Problem requirements ▸
Search the entries below for the string "True" and copy the lines that hold it.

Supplied data ▸
---

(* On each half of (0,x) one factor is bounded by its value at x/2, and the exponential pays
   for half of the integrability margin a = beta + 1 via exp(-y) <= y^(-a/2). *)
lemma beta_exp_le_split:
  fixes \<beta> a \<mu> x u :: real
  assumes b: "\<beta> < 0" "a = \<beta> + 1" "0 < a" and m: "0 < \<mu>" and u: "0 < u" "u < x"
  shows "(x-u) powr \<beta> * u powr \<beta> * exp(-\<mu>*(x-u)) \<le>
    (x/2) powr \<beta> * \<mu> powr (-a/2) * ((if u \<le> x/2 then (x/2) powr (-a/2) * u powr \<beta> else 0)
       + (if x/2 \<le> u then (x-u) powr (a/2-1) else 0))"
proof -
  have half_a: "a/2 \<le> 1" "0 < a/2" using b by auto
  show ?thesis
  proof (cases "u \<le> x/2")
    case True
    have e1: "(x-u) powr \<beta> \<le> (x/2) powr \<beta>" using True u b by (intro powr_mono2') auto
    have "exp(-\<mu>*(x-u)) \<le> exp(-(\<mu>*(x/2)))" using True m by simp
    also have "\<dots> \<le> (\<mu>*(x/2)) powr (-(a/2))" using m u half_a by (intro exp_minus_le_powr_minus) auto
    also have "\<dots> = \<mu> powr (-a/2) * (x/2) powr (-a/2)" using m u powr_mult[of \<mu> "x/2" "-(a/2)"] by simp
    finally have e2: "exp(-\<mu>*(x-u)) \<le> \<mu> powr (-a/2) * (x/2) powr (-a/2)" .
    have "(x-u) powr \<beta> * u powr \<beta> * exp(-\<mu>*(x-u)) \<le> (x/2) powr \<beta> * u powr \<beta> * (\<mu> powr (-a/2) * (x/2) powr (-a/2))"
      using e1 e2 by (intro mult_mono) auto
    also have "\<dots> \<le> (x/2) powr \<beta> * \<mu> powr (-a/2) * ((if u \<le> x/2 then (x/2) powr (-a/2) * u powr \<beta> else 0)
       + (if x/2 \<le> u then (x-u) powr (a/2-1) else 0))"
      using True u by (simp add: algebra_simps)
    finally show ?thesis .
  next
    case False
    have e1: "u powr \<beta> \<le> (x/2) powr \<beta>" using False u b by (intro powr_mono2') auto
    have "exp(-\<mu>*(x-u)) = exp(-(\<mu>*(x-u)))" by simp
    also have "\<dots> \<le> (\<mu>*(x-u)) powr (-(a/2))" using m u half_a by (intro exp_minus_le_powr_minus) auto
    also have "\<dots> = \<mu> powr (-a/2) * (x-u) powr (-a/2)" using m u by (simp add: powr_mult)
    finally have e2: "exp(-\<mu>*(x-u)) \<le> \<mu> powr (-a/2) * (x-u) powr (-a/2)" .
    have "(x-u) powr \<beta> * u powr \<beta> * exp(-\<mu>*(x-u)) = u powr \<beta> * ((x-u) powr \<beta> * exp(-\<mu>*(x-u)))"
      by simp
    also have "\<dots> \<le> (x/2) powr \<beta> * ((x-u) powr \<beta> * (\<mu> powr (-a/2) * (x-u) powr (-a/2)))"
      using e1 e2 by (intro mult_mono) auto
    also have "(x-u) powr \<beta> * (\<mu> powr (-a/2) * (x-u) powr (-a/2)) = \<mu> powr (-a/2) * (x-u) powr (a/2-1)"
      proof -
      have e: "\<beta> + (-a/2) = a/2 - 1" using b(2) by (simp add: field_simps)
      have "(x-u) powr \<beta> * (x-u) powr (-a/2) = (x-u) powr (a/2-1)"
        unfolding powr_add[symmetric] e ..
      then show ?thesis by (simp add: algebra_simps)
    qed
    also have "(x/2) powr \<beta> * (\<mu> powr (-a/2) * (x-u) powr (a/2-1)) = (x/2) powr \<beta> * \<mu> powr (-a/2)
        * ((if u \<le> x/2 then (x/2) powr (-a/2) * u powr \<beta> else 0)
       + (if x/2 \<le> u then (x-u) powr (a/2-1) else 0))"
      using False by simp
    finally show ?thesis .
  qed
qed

---

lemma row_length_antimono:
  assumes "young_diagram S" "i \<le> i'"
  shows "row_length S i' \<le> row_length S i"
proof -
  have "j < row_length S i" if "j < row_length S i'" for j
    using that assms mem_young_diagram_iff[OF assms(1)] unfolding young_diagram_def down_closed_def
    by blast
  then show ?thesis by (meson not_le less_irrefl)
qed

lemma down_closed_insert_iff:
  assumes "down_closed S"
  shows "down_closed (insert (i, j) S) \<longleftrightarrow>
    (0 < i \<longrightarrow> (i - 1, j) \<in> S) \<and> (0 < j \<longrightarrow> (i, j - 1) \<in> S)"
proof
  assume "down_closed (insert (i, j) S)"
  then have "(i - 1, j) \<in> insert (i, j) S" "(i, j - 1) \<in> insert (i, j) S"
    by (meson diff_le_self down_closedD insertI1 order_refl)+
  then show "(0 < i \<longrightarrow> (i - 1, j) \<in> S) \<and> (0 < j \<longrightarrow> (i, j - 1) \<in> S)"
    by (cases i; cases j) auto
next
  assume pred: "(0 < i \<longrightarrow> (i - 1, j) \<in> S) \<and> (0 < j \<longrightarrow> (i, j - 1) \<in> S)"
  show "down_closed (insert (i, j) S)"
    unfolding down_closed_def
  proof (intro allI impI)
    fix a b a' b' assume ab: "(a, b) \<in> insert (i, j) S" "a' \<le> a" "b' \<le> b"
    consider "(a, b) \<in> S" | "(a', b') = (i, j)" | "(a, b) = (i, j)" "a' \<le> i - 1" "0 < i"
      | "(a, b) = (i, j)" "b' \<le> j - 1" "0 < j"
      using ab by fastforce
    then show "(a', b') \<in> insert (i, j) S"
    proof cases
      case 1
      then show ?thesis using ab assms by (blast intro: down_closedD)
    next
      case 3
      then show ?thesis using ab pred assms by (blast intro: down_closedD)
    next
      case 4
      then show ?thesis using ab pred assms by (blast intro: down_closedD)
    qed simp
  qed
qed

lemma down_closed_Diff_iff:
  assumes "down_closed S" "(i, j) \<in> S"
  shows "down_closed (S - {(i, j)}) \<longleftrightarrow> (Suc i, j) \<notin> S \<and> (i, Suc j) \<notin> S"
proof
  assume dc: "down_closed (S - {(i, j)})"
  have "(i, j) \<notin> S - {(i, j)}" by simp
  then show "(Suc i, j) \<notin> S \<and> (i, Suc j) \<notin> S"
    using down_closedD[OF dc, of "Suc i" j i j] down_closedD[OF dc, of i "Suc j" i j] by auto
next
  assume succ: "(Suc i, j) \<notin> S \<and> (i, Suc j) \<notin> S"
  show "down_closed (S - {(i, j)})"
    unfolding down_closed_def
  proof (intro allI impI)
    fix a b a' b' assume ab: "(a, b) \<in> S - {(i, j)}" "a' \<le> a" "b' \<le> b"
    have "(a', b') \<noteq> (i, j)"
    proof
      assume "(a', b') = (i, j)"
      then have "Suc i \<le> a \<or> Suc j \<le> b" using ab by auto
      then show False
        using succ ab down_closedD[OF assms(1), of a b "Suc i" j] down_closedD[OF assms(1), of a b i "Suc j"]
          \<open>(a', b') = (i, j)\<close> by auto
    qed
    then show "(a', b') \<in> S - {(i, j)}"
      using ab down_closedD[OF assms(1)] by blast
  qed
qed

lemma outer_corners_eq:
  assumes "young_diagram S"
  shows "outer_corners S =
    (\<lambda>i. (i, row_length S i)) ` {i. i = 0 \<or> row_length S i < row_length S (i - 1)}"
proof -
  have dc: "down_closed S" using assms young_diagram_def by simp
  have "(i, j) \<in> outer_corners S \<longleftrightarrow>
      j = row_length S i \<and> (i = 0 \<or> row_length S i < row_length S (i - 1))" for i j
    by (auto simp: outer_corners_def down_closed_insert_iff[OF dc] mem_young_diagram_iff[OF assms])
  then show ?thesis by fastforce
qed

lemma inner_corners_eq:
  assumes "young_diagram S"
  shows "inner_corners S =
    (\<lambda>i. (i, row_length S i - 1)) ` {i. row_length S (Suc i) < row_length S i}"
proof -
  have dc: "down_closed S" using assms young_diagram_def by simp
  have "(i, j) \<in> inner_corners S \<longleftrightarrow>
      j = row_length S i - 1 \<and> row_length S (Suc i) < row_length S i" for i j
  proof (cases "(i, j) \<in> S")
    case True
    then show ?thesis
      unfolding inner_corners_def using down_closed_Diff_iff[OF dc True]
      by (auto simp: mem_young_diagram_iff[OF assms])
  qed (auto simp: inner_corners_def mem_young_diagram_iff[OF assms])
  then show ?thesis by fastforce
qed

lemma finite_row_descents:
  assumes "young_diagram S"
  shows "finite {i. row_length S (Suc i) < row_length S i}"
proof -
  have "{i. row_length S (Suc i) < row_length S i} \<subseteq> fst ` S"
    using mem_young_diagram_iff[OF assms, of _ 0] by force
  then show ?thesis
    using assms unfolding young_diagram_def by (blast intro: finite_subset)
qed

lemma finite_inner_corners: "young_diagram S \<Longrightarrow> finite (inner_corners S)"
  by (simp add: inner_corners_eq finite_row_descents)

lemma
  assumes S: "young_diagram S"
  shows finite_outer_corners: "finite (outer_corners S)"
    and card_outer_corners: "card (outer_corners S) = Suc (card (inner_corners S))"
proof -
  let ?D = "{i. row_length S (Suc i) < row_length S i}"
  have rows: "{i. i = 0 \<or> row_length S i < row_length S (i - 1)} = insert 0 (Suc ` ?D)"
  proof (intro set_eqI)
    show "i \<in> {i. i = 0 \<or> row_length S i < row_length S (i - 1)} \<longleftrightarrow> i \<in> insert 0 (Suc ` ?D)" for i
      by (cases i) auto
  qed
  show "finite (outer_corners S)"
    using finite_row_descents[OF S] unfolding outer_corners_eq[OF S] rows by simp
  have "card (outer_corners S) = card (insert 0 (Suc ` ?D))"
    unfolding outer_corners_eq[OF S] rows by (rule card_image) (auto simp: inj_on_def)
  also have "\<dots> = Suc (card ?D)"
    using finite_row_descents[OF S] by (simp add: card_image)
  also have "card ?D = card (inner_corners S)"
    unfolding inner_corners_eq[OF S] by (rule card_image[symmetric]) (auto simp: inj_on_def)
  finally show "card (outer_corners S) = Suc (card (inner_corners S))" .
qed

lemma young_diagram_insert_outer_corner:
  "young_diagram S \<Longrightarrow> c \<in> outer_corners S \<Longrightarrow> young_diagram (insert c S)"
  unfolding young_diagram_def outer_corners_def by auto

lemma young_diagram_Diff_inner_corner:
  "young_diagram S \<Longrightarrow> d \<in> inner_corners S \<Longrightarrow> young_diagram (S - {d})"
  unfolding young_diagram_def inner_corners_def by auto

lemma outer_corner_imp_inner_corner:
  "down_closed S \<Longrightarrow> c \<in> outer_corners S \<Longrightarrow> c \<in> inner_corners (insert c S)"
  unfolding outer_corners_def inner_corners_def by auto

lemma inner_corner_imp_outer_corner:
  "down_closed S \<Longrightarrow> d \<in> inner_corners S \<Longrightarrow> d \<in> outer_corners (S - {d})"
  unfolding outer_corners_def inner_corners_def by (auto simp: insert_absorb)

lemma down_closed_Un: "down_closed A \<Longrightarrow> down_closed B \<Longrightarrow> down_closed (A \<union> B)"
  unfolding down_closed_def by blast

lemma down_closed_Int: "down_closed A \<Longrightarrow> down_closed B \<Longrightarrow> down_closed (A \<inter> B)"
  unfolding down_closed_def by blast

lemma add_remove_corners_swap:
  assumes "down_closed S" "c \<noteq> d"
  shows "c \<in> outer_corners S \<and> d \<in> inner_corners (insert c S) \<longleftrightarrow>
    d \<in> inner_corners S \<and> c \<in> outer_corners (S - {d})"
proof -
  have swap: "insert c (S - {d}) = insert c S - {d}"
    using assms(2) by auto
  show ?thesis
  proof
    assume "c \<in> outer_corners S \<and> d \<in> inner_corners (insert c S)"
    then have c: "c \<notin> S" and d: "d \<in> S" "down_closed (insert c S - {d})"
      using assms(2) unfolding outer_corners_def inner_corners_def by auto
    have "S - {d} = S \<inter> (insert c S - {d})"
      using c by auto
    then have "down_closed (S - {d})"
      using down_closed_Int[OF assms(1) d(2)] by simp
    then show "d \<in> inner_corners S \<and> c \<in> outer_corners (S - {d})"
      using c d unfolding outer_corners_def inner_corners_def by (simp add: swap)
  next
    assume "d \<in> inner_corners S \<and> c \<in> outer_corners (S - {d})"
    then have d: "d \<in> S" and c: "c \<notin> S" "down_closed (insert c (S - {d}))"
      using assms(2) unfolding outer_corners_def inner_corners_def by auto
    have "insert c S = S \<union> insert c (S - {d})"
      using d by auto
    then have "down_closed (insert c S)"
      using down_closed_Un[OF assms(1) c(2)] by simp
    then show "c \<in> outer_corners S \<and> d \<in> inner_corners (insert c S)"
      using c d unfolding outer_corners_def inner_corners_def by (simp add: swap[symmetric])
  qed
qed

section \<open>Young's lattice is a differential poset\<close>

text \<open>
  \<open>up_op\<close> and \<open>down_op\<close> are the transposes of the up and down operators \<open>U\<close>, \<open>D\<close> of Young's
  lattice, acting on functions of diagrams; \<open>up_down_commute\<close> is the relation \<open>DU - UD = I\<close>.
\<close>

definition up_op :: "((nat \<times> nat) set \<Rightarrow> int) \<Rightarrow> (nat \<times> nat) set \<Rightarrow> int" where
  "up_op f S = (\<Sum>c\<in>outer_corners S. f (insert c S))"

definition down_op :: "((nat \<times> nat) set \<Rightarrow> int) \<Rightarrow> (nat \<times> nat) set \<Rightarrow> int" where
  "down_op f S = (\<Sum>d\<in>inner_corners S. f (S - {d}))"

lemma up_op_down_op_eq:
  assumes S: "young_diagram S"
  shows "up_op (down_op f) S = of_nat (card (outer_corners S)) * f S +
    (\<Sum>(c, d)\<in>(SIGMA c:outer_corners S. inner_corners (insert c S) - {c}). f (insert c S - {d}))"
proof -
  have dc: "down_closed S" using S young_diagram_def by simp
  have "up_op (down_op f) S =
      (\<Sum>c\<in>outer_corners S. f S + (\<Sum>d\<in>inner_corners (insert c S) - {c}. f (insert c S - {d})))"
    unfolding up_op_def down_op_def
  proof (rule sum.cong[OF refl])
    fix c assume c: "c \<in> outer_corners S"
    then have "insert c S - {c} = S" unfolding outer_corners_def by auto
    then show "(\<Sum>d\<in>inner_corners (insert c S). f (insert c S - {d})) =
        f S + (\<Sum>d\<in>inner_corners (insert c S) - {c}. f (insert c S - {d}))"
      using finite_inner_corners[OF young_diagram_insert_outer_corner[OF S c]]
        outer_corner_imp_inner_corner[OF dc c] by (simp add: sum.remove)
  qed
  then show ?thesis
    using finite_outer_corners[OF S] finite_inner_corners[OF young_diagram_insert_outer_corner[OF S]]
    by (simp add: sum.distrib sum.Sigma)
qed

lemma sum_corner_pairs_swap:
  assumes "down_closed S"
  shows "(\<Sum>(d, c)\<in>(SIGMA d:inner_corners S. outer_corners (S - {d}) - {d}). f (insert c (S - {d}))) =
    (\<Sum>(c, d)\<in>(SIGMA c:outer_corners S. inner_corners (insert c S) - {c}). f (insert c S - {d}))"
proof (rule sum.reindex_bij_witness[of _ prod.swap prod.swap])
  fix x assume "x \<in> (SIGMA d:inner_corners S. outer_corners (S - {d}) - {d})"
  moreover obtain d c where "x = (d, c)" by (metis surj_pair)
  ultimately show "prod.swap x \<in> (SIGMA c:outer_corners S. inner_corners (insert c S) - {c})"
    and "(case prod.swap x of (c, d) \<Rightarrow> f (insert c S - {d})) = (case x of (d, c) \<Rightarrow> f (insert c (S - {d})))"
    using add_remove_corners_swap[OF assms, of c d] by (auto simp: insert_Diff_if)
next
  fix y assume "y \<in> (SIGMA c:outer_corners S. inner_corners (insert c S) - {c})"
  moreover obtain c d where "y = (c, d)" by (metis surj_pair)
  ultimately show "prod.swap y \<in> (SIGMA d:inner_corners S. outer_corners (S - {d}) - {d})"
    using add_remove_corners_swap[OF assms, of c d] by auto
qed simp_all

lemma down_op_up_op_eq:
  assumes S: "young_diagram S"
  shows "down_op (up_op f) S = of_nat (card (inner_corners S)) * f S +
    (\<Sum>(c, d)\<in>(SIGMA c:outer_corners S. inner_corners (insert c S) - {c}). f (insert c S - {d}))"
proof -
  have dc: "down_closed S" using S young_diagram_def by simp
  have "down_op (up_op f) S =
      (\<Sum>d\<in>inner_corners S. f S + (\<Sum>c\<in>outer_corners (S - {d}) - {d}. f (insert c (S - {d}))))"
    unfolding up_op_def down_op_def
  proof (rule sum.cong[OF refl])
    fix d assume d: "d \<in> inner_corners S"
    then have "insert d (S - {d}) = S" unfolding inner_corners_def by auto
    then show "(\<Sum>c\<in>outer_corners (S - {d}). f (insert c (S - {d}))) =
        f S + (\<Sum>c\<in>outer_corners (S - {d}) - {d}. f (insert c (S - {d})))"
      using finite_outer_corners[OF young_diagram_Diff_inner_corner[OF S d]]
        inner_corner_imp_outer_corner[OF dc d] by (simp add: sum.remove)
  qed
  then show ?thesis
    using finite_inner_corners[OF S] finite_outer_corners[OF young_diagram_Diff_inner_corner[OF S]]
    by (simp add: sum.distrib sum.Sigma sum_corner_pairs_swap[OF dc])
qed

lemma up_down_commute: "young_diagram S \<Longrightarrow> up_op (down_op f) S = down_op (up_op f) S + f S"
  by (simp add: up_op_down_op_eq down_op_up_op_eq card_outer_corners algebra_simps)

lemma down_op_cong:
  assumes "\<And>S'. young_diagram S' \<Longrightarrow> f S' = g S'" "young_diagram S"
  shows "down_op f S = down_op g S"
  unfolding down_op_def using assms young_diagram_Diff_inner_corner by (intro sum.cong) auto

---

Answer to the exercise ▸
    case True
    have e1: "(x-u) powr \<beta> \<le> (x/2) powr \<beta>" using True u b by (intro powr_mono2') auto
    have "exp(-\<mu>*(x-u)) \<le> exp(-(\<mu>*(x/2)))" using True m by simp
      using True u by (simp add: algebra_simps)
    case True
      unfolding inner_corners_def using down_closed_Diff_iff[OF dc True]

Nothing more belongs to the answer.